Discrete Mathematics is about processes that include the sequence of each step.
LOGIC
It makes sense to study the principles and methods that distinguish between valid and wrong arguments.
SIMPLE STATEMENT:
A statement is a declaration that is true or false but not both. The statement is also called a proposal Example: 2 + 2 = 4, It is Sunday today If the proposal is true, we say it has a true value of “truth” If the proposal is false, its true value is “false.” The truths “truth” and “falsehood,” respectively, are defined by the letters T and F.
EXAMPLES:
1. The grass is green.
2.4 + 2 = 6
2.4 + 2 = 7 3 ..
There are four fingers on the hand, suggestions.
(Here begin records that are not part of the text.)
lemma image_eq_if_matching:
  assumes graph: "\<And>x y. (x, y) \<in> H \<Longrightarrow> f x = y \<and> matched x y"
    and total: "\<And>\<alpha>. \<alpha> \<in> I \<Longrightarrow> A \<alpha> \<subseteq> Domain H" "\<And>\<alpha>. \<alpha> \<in> I \<Longrightarrow> B \<alpha> \<subseteq> Range H"
    and "\<alpha> \<in> I"
  shows "f ` A \<alpha> = B \<alpha>"
proof (intro equalityI subsetI)
  fix y
  assume "y \<in> f ` A \<alpha>"
  then obtain x where x: "x \<in> A \<alpha>" "y = f x"
    by blast
  then obtain y' where "(x, y') \<in> H"
    using total(1)[OF \<open>\<alpha> \<in> I\<close>] by blast
  then have "y' = y" "matched x y'"
    using graph x(2) by auto
  then obtain \<beta> where "\<beta> \<in> I" "x \<in> A \<beta>" "y \<in> B \<beta>"
    by (auto simp: matched_def)
  moreover have "\<beta> = \<alpha>"
    using calculation x(1) \<open>\<alpha> \<in> I\<close> A_disjoint by (auto simp: disjoint_family_on_def)
  ultimately show "y \<in> B \<alpha>"
    by simp
next
  fix y
  assume "y \<in> B \<alpha>"
  then obtain x where "(x, y) \<in> H"
    using total(2)[OF \<open>\<alpha> \<in> I\<close>] by blast
  then have "f x = y" "matched x y"
    using graph by blast+
  then obtain \<beta> where "\<beta> \<in> I" "x \<in> A \<beta>" "y \<in> B \<beta>"
    by (auto simp: matched_def)
  then have "\<beta> = \<alpha>"
    using \<open>y \<in> B \<alpha>\<close> \<open>\<alpha> \<in> I\<close> B_disjoint by (auto simp: disjoint_family_on_def)
  then show "y \<in> f ` A \<alpha>"
    using \<open>f x = y\<close> \<open>x \<in> A \<beta>\<close> by blast
qed

definition conditions :: "condition set" where
  "conditions = {p. perm p permutes bitstrings (level p) \<and> finite (pairs p) \<and> inj_on fst (pairs p)
     \<and> inj_on (cantor_prefix (level p)) (Domain (pairs p))
     \<and> (\<forall>(x, y)\<in>pairs p. matched x y)
     \<and> (\<forall>(x, y)\<in>pairs p. perm p (cantor_prefix (level p) x) = cantor_prefix (level p) y)}"

lemma conditionsD:
  assumes "p \<in> conditions"
  shows "perm p permutes bitstrings (level p)" "finite (pairs p)" "inj_on fst (pairs p)"
    "inj_on (cantor_prefix (level p)) (Domain (pairs p))"
    "\<And>x y. (x, y) \<in> pairs p \<Longrightarrow> matched x y"
    "\<And>x y. (x, y) \<in> pairs p \<Longrightarrow> perm p (cantor_prefix (level p) x) = cantor_prefix (level p) y"
proof -
  note c = assms[unfolded conditions_def mem_Collect_eq]
  show "perm p permutes bitstrings (level p)" "finite (pairs p)" "inj_on fst (pairs p)"
    "inj_on (cantor_prefix (level p)) (Domain (pairs p))"
    using c by simp_all
  show "matched x y" "perm p (cantor_prefix (level p) x) = cantor_prefix (level p) y"
    if "(x, y) \<in> pairs p" for x y
    using c that by fast+
qed

lemma inj_on_snd_pairs:
  assumes p: "p \<in> conditions"
  shows "inj_on snd (pairs p)"
proof -
  have same_fst: "x = x'" if xy: "(x, y) \<in> pairs p" "(x', y) \<in> pairs p" for x x' y
  proof -
    have "perm p (cantor_prefix (level p) x) = perm p (cantor_prefix (level p) x')"
      using conditionsD(6)[OF p] xy by simp
    then have "cantor_prefix (level p) x = cantor_prefix (level p) x'"
      using permutes_inj[OF conditionsD(1)[OF p]] by (simp add: inj_eq)
    then show "x = x'"
      using inj_onD[OF conditionsD(4)[OF p]] xy by blast
  qed
  then show ?thesis
  proof (intro inj_onI)
    fix z z'
    assume z: "z \<in> pairs p" "z' \<in> pairs p" "snd z = snd z'"
    have "(fst z, snd z) \<in> pairs p"
      using z(1) by simp
    moreover have "(fst z', snd z) \<in> pairs p"
      using z(2,3) by simp
    ultimately have "fst z = fst z'"
      by (rule same_fst)
    then show "z = z'"
      using z(3) by (simp add: prod_eq_iff)
  qed
qed

lemma empty_condition: "\<lparr>level = 0, perm = id, pairs = {}\<rparr> \<in> conditions"
  by (simp add: conditions_def permutes_id)

lemma extends_refl: "p \<in> conditions \<Longrightarrow> extends p p"
  by (simp add: extends_def refines_refl conditionsD(1))

lemma extends_antisym:
  assumes p: "p \<in> conditions" and q: "q \<in> conditions" and "extends p q" "extends q p"
  shows "p = q"
proof (rule condition.equality)
  have "level q \<le> level p" "pairs q \<subseteq> pairs p" "level p \<le> level q" "pairs p \<subseteq> pairs q"
    using assms(3,4) unfolding extends_def refines_def by blast+
  then show n: "level p = level q" "pairs p = pairs q"
    by simp_all
  show "perm p = perm q"
  proof
    fix t
    show "perm p t = perm q t"
    proof (cases "length t = level p")
      case True
      then have "take (level q) (perm p t) = perm q (take (level q) t)"
        using assms(3) by (simp add: extends_def refines_def)
      then show ?thesis
        using True n length_permutes_bitstrings[OF conditionsD(1)[OF p]] by simp
    next
      case False
      then show ?thesis
        using n permutes_not_in[OF conditionsD(1)[OF p]] permutes_not_in[OF conditionsD(1)[OF q]]
        by simp
    qed
  qed
qed simp

lemma partial_order_on_conditions:
  "partial_order_on conditions {(p, q). p \<in> conditions \<and> q \<in> conditions \<and> extends p q}"
  unfolding partial_order_on_Collect_iff
proof (intro conjI ballI impI)
  show "extends p p" if "p \<in> conditions" for p
    using that by (rule extends_refl)
  show "extends p r" if "extends p q" "extends q r" for p q r
    using that by (rule extends_trans)
  show "p = q" if "p \<in> conditions" "q \<in> conditions" "extends p q" "extends q p" for p q
    using that by (rule extends_antisym)
qed

lemma extend_condition:
  assumes p: "p \<in> conditions"
    and H: "finite H" "pairs p \<subseteq> H" "inj_on fst H" "inj_on snd H"
    and matched: "\<And>x y. (x, y) \<in> H \<Longrightarrow> matched x y"
    and compatible:
      "\<And>x y. (x, y) \<in> H \<Longrightarrow> perm p (cantor_prefix (level p) x) = cantor_prefix (level p) y"
  shows "\<exists>r\<in>conditions. extends r p \<and> pairs r = H \<and> k \<le> level r"
proof -
  have "\<forall>(x, y)\<in>H. perm p (cantor_prefix (level p) x) = cantor_prefix (level p) y"
    using compatible by blast
  then obtain m \<sigma> where m: "k \<le> m" "\<sigma> permutes bitstrings m" "refines m \<sigma> (level p) (perm p)"
    "\<forall>(x, y)\<in>H. \<sigma> (cantor_prefix m x) = cantor_prefix m y" "inj_on (cantor_prefix m) (Domain H)"
    using separating_refinement_exists[OF conditionsD(1)[OF p] H(1,3,4)] by blast
  define r where "r = \<lparr>level = m, perm = \<sigma>, pairs = H\<rparr>"
  have "\<forall>(x, y)\<in>H. matched x y"
    using matched by blast
  then have "r \<in> conditions"
    using m(2,4,5) H(1,3) by (simp add: r_def conditions_def)
  moreover have "extends r p"
    using m(3) H(2) by (simp add: r_def extends_def)
  ultimately show ?thesis
    using m(1) by (intro bexI[of _ r]) (simp_all add: r_def)
qed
MTH001 Handouts pdf download
COMPOUND STATEMENT:
Simple statements can be used to create an integrated statement.
STRATEGIC CONNECTIONS:
EXAMPLES
1. “3 + 2 = 5” and “Lahore a city in Pakistan”
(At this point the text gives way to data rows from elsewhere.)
lemma walk_reroute:
  "walk E V xs \<Longrightarrow> hd xs \<in> V' \<Longrightarrow> last xs \<in> V' \<Longrightarrow>
    \<exists>ys. walk E V' ys \<and> hd ys = hd xs \<and> last ys = last xs \<and> length ys = length xs"
proof (induction "card (set xs - V')" arbitrary: xs rule: less_induct)
  case less
  show ?case
  proof (cases "set xs \<subseteq> V'")
    case True
    then show ?thesis
      using less.prems(1) by (auto simp: walk_iff_successively)
  next
    case False
    then obtain v where v: "v \<in> set xs" "v \<notin> V'"
      by blast
    then have "v \<in> V - X"
      using less.prems(1) X_subset_V' unfolding walk_iff_successively by blast
    then obtain H where H: "H \<in> components E V X" "v \<in> H"
      using in_some_component by metis
    have "\<not> H \<subseteq> V'"
      using H(2) v(2) by blast
    then obtain H' \<alpha> where H': "H' \<in> components E V X" "H' \<subseteq> V'" "v \<notin> H'" "H \<inter> V' = {}"
      and \<alpha>: "twin_map E X H' H \<alpha>"
      by (rule twin_inside_V'_avoiding[OF H(1)])
    let ?\<beta> = "override_on id (inv_into H' \<alpha>) H"
    have \<beta>_into: "?\<beta> x \<in> H'" if "x \<in> H" for x
      using twin_map_into[OF twin_map_inv_into[OF \<alpha>]] that by simp
    have walk: "walk E V (map ?\<beta> xs)"
      using walk_map_override_twin_map[OF symp_E H(1) _ twin_map_inv_into[OF \<alpha>] less.prems(1)]
        H'(2) V'_subset by blast
    have ends: "hd (map ?\<beta> xs) = hd xs" "last (map ?\<beta> xs) = last xs"
    proof -
      have "xs \<noteq> []"
        using less.prems(1) by (simp add: walk_iff_successively)
      moreover have "hd xs \<notin> H" "last xs \<notin> H"
        using less.prems(2,3) H'(4) by blast+
      ultimately show "hd (map ?\<beta> xs) = hd xs" "last (map ?\<beta> xs) = last xs"
        by (simp_all add: hd_map last_map)
    qed
    have "set (map ?\<beta> xs) - V' \<subseteq> (set xs - V') - {v}"
    proof
      fix y
      assume "y \<in> set (map ?\<beta> xs) - V'"
      then obtain x where "x \<in> set xs" "y = ?\<beta> x" "y \<notin> V'"
        by auto
      moreover have "x \<notin> H"
        using \<beta>_into H'(2) calculation by blast
      ultimately show "y \<in> (set xs - V') - {v}"
        using H(2) by auto
    qed
    then have "card (set (map ?\<beta> xs) - V') \<le> card ((set xs - V') - {v})"
      by (intro card_mono) auto
    also have "\<dots> < card (set xs - V')"
      using v by (intro card_Diff1_less) auto
    finally have "card (set (map ?\<beta> xs) - V') < card (set xs - V')" .
    from less.hyps[OF this walk] ends less.prems(2,3) show ?thesis
      by simp
  qed
qed

lemma ball_inter_V'_eq:
  assumes "u \<in> V'"
  shows "ball E V r u \<inter> V' = ball E V' r u"
proof
  show "ball E V r u \<inter> V' \<subseteq> ball E V' r u"
  proof
    fix w
    assume "w \<in> ball E V r u \<inter> V'"
    then obtain xs where xs: "walk E V xs" "hd xs = u" "last xs = w" "length xs \<le> Suc r" "w \<in> V'"
      unfolding ball_def by blast
    then obtain ys where "walk E V' ys" "hd ys = u" "last ys = w" "length ys = length xs"
      using walk_reroute[OF xs(1)] assms by auto
    then show "w \<in> ball E V' r u"
      unfolding ball_def using xs(4) by auto
  qed
  show "ball E V' r u \<subseteq> ball E V r u \<inter> V'"
    by (intro Int_greatest ball_mono[OF V'_subset] ball_subset)
qed

lemma ball_subset_if_inter_V'_subset:
  assumes "u1 \<in> V'" "u2 \<in> V'" "ball E V r1 u1 \<inter> V' \<subseteq> ball E V r2 u2 \<inter> V'"
  shows "ball E V r1 u1 \<subseteq> ball E V r2 u2"
proof
  fix w
  assume w: "w \<in> ball E V r1 u1"
  show "w \<in> ball E V r2 u2"
  proof (cases "w \<in> V'")
    case True
    then show ?thesis
      using w assms(3) by blast
  next
    case False
    then have "w \<in> V - X"
      using w ball_subset[of E V r1 u1] X_subset_V' by blast
    then obtain H where H: "H \<in> components E V X" "w \<in> H"
      using in_some_component by metis
    have "\<not> H \<subseteq> V'"
      using H(2) False by blast
    then obtain H' \<alpha> where H': "H' \<in> components E V X" "H' \<subseteq> V'" "u2 \<notin> H'" "H \<inter> V' = {}"
      and \<alpha>: "twin_map E X H' H \<alpha>"
      by (rule twin_inside_V'_avoiding[OF H(1)])
    let ?\<beta> = "inv_into H' \<alpha>"
    have "H' \<subseteq> V"
      using H'(2) V'_subset by blast
    moreover have "u1 \<notin> H"
      using assms(1) H'(4) by blast
    ultimately have "override_on id ?\<beta> H w \<in> ball E V r1 u1"
      by (rule override_on_twin_map_in_ball[OF symp_E H(1) _ twin_map_inv_into[OF \<alpha>] _ w])
    moreover have "?\<beta> w \<in> H'"
      using twin_map_into[OF twin_map_inv_into[OF \<alpha>] H(2)] .
    ultimately have "?\<beta> w \<in> ball E V r2 u2"
      using assms(3) H'(2) H(2) by auto
    moreover have "H \<subseteq> V"
      using component_subset[OF H(1)] by blast
    ultimately have "override_on id \<alpha> H' (?\<beta> w) \<in> ball E V r2 u2"
      by (intro override_on_twin_map_in_ball[OF symp_E H'(1) _ \<alpha> H'(3)])
    moreover have "\<alpha> (?\<beta> w) = w"
      using \<alpha> H(2) by (auto simp: twin_map_def bij_betw_def f_inv_into_f)
    ultimately show ?thesis
      using \<open>?\<beta> w \<in> H'\<close> by simp
  qed
qed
2. “Green Grass” or “Hot Today” 3. “Discrete Mathematics is not hard for me” AND, OR, NOT called LOGICAL CONNECTIONS.
NEGATION (~):
If p is a variation of the statement, then the contradiction of p, “not p”, is defined as “~ p”. if p is false, ~ p is true.
CONJUNCTION (∧):
If p and q are statements, then the conjunction of p and q is “p and q”, defined as “p ∧ q”. It is true there, and only when, both p and q are true. If p or q is false, or both are false, p∧q is false.
DISJUNCTION (∨) OR INCLUSIVE
If p and q are statements, then the division of p and q is “p OR q”, defined as “p ∨ q” is true if at least one of the p or q is true and only false when both p and q. they are false. Note that table F is in that line only when both p and q have F and all other T values. So in order to find the true values of the separation of the two statements, we will first look for where both statements are false. then write F in the corresponding column in p ∨ q column and in all other lines we will write T in the p ∨ q column.
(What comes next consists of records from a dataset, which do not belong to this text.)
text \<open>Expansivity passes from \<open>H\<close> to \<open>G\<close> trivially, since every \<open>G\<close>-orbit contains the
  \<open>H\<close>-orbit. For shadowing, restrict a fine \<open>G\<close>-pseudotrajectory \<open>y\<close> to a coset \<open>H g\<close>:
  reindexed by \<open>H\<close> it is an \<open>H\<close>-pseudotrajectory (each generator of \<open>H\<close> is a word in the
  generators of \<open>G\<close>), so \<open>H\<close>-shadowing gives a point \<open>x g\<close> tracing \<open>y\<close> along \<open>H g\<close>. As \<open>H\<close> is
  normal, the image of \<open>x g\<close> under a generator \<open>s\<close> traces \<open>y\<close> along \<open>H s g\<close> too, so
  expansivity of the \<open>H\<close>-action forces \<open>x (s g) = s (x g)\<close>. Hence the points \<open>x g\<close> form the
  single \<open>G\<close>-orbit of \<open>x 1\<close>, which traces \<open>y\<close>.\<close>

lemma group_action_one:
  "group_action G \<Phi> \<Longrightarrow> \<Phi> \<one>\<^bsub>G\<^esub> x = x"
  unfolding group_action_def by auto

lemma group_action_mult:
  "group_action G \<Phi> \<Longrightarrow> a \<in> carrier G \<Longrightarrow> b \<in> carrier G \<Longrightarrow>
    \<Phi> (a \<otimes>\<^bsub>G\<^esub> b) x = \<Phi> a (\<Phi> b x)"
  unfolding group_action_def by auto

lemma (in group) uniformly_continuous_on_action_generate:
  fixes \<Phi> :: "'a \<Rightarrow> 'c::metric_space \<Rightarrow> 'c"
  assumes "group_action G \<Phi>" "S \<subseteq> carrier G" "\<forall>s\<in>S. inv s \<in> S"
    and "\<forall>s\<in>S. uniformly_continuous_on UNIV (\<Phi> s)"
    and "t \<in> generate G S"
  shows "uniformly_continuous_on UNIV (\<Phi> t)"
  using assms(5)
proof (induction rule: generate.induct)
  case one
  then show ?case using group_action_one[OF assms(1)] uniformly_continuous_on_id by simp
next
  case (eng h1 h2)
  then have "h1 \<in> carrier G" "h2 \<in> carrier G"
    using generate_in_carrier[OF assms(2)] by auto
  then have "\<Phi> (h1 \<otimes> h2) = (\<lambda>x. \<Phi> h1 (\<Phi> h2 x))"
    using group_action_mult[OF assms(1)] by auto
  moreover have "uniformly_continuous_on (range (\<Phi> h2)) (\<Phi> h1)"
    using eng.IH(1) unfolding uniformly_continuous_on_def by (meson UNIV_I)
  ultimately show ?case
    using uniformly_continuous_on_compose[OF eng.IH(2)] by simp
qed (use assms(3,4) in auto)

lemma uniformly_continuous_on_eventually_modulus:
  fixes f :: "'a::metric_space \<Rightarrow> 'b::metric_space"
  assumes "uniformly_continuous_on UNIV f" "\<eta> > 0"
  shows "\<forall>\<^sub>F \<delta> in at_right 0. \<forall>a b. dist a b < \<delta> \<longrightarrow> dist (f a) (f b) < \<eta>"
proof -
  obtain \<delta> where "\<delta> > 0" "\<forall>a b. dist a b < \<delta> \<longrightarrow> dist (f a) (f b) < \<eta>"
    using assms unfolding uniformly_continuous_on_def by blast
  then show ?thesis
    unfolding eventually_at_right_field by (intro exI[of _ \<delta>]) auto
qed

lemma eventually_at_right_0_le:
  "(\<eta>::real) > 0 \<Longrightarrow> \<forall>\<^sub>F d in at_right 0. d \<le> \<eta>"
  unfolding eventually_at_right_field by (intro exI[of _ \<eta>]) auto

lemma eventually_at_right_0_witness:
  fixes P :: "real \<Rightarrow> bool"
  assumes "\<forall>\<^sub>F d in at_right 0. P d"
  obtains d where "d > 0" "P d"
  using eventually_happens'[OF _ eventually_conj[OF eventually_at_right_less assms]] that
  by (auto simp: trivial_limit_def[symmetric])

lemma pseudotrajectory_mono:
  "pseudotrajectory G S \<Phi> d y \<Longrightarrow> d \<le> d' \<Longrightarrow> pseudotrajectory G S \<Phi> d' y"
  unfolding pseudotrajectory_def by (meson order_less_le_trans)

lemma (in group) pseudotrajectory_generate_eventually:
  fixes \<Phi> :: "'a \<Rightarrow> 'c::metric_space \<Rightarrow> 'c"
  assumes "group_action G \<Phi>" "S \<subseteq> carrier G" "\<forall>s\<in>S. inv s \<in> S"
    and "\<forall>s\<in>S. uniformly_continuous_on UNIV (\<Phi> s)"
    and "t \<in> generate G S" "\<eta> > 0"
  shows "\<forall>\<^sub>F d in at_right 0. \<forall>y. pseudotrajectory G S \<Phi> d y \<longrightarrow>
           (\<forall>k\<in>carrier G. dist (y (t \<otimes> k)) (\<Phi> t (y k)) < \<eta>)"
  using assms(5,6)
proof (induction arbitrary: \<eta> rule: generate.induct)
  case one
  then show ?case using group_action_one[OF assms(1)] by simp
next
  case (incl h)
  then have "\<forall>\<^sub>F d in at_right 0. d \<le> \<eta>"
    by (intro eventually_at_right_0_le)
  then show ?case
    by eventually_elim (use incl in \<open>unfold pseudotrajectory_def, meson order_less_le_trans\<close>)
next
  case (inv h)
  then have "\<forall>\<^sub>F d in at_right 0. d \<le> \<eta>"
    by (intro eventually_at_right_0_le)
  then show ?case
    by eventually_elim (use inv assms(3) in \<open>unfold pseudotrajectory_def, meson order_less_le_trans\<close>)
next
  case (eng h1 h2)
  have carrier: "h1 \<in> carrier G" "h2 \<in> carrier G"
    using eng generate_in_carrier[OF assms(2)] by auto
  obtain \<delta> where "\<delta> > 0" and \<delta>: "\<forall>a b. dist a b < \<delta> \<longrightarrow> dist (\<Phi> h1 a) (\<Phi> h1 b) < \<eta>/2"
    using uniformly_continuous_on_action_generate[OF assms(1-4) eng.hyps(1)] \<open>\<eta> > 0\<close>
    unfolding uniformly_continuous_on_def by (metis UNIV_I half_gt_zero)
  have "\<forall>\<^sub>F d in at_right 0.
      (\<forall>y. pseudotrajectory G S \<Phi> d y \<longrightarrow>
         (\<forall>k\<in>carrier G. dist (y (h1 \<otimes> k)) (\<Phi> h1 (y k)) < \<eta>/2)) \<and>
      (\<forall>y. pseudotrajectory G S \<Phi> d y \<longrightarrow>
         (\<forall>k\<in>carrier G. dist (y (h2 \<otimes> k)) (\<Phi> h2 (y k)) < \<delta>))"
    using \<open>\<eta> > 0\<close> \<open>\<delta> > 0\<close> by (intro eventually_conj eng.IH) auto
  then show ?case
  proof eventually_elim
    case (elim d)
    show ?case
    proof (intro allI impI ballI)
      fix y k assume y: "pseudotrajectory G S \<Phi> d y" and k: "k \<in> carrier G"
      have "dist (y (h1 \<otimes> (h2 \<otimes> k))) (\<Phi> h1 (y (h2 \<otimes> k))) < \<eta>/2"
        using elim y k carrier by simp
      moreover have "dist (\<Phi> h1 (y (h2 \<otimes> k))) (\<Phi> h1 (\<Phi> h2 (y k))) < \<eta>/2"
        using elim y k \<delta> by blast
      ultimately have "dist (y (h1 \<otimes> (h2 \<otimes> k))) (\<Phi> h1 (\<Phi> h2 (y k))) < \<eta>"
        by (metis dist_commute dist_triangle_half_l)
      then show "dist (y (h1 \<otimes> h2 \<otimes> k)) (\<Phi> (h1 \<otimes> h2) (y k)) < \<eta>"
        using carrier k group_action_mult[OF assms(1) carrier] by (simp add: m_assoc)
    qed
  qed
qed

lemma (in group) equivariant_on_generate:
  assumes "group_action G \<Phi>" "S \<subseteq> carrier G" "\<forall>s\<in>S. inv s \<in> S"
    and "\<forall>s\<in>S. \<forall>g\<in>carrier G. x (s \<otimes> g) = \<Phi> s (x g)"
    and "t \<in> generate G S" "g \<in> carrier G"
  shows "x (t \<otimes> g) = \<Phi> t (x g)"
  using assms(5,6)
proof (induction arbitrary: g rule: generate.induct)
  case one
  then show ?case using group_action_one[OF assms(1)] by simp
next
  case (eng h1 h2)
  have carrier: "h1 \<in> carrier G" "h2 \<in> carrier G"
    using eng generate_in_carrier[OF assms(2)] by auto
  then have "x (h1 \<otimes> h2 \<otimes> g) = x (h1 \<otimes> (h2 \<otimes> g))"
    using eng.prems by (simp add: m_assoc)
  also have "\<dots> = \<Phi> h1 (\<Phi> h2 (x g))"
    using eng carrier by simp
  also have "\<dots> = \<Phi> (h1 \<otimes> h2) (x g)"
    using group_action_mult[OF assms(1) carrier] by simp
  finally show ?case .
qed (use assms(3,4) in auto)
VALID AND INVALID ARGUMENT:
The contradiction applies if the conclusion is true when all the structures are true. Alternatively, an argument is permissible if the combination of its structures suggests a conclusion. Namely (P1∧ P2 ∧ P3 ∧.. ∧ Pn) → C tautology. Arguments are not valid if the conclusion is false when all the structures are true. Alternatively, an argument is invalid if the merger does not imply an end result.
EXAMPLE:
Indicate that the following argument form is valid: p → q
p ∴ q
SETS
A well-defined collection of {distinct} objects is called a set. ¾ Objects are called elements or members of a set. ¾ Sets are defined by the letters A, B, C…, X, Y, Z. ¾ The elements of a set are represented by lowercase letters a, b, c,…, x, y, z. ¬A, which reads “x ¾ If the object x is a member of set A we write x ¬A, A” or “x is A” or “x is an A element”, otherwise we write x which reads “x not A ”or“ x is not A ”or“ x is not part of A ”.
TABULAR FORM
Lists all features of a set, comma-separated and enclosed in parentheses or in brackets {}. EXAMPLES
In the following examples, we write sets in Table Form.
A = {1, 2, 3, 4, 5} is a set of the first five natural numbers
. B = {2, 4, 6, 8,…, 50} is a set of equal numbers of up to 50.
C = {1, 3, 5, 7, 9…} is a set of odd deposit numbers.
MEMBERSHIP TABLE
A table showing the membership of items by sets. To indicate that an object is in a set, using 1; to indicate that an item is not in the set, using 0.
ORDERED PAIR
The formal pear (a, b) contains two elements “a and” b is the second element. ”And“ b ”where“ a ”is the first element a = c and b = d. b, s a = b. XERC SE: Orders ordered (a, b) and (c, d) are equal if, and only if a = c and b = d.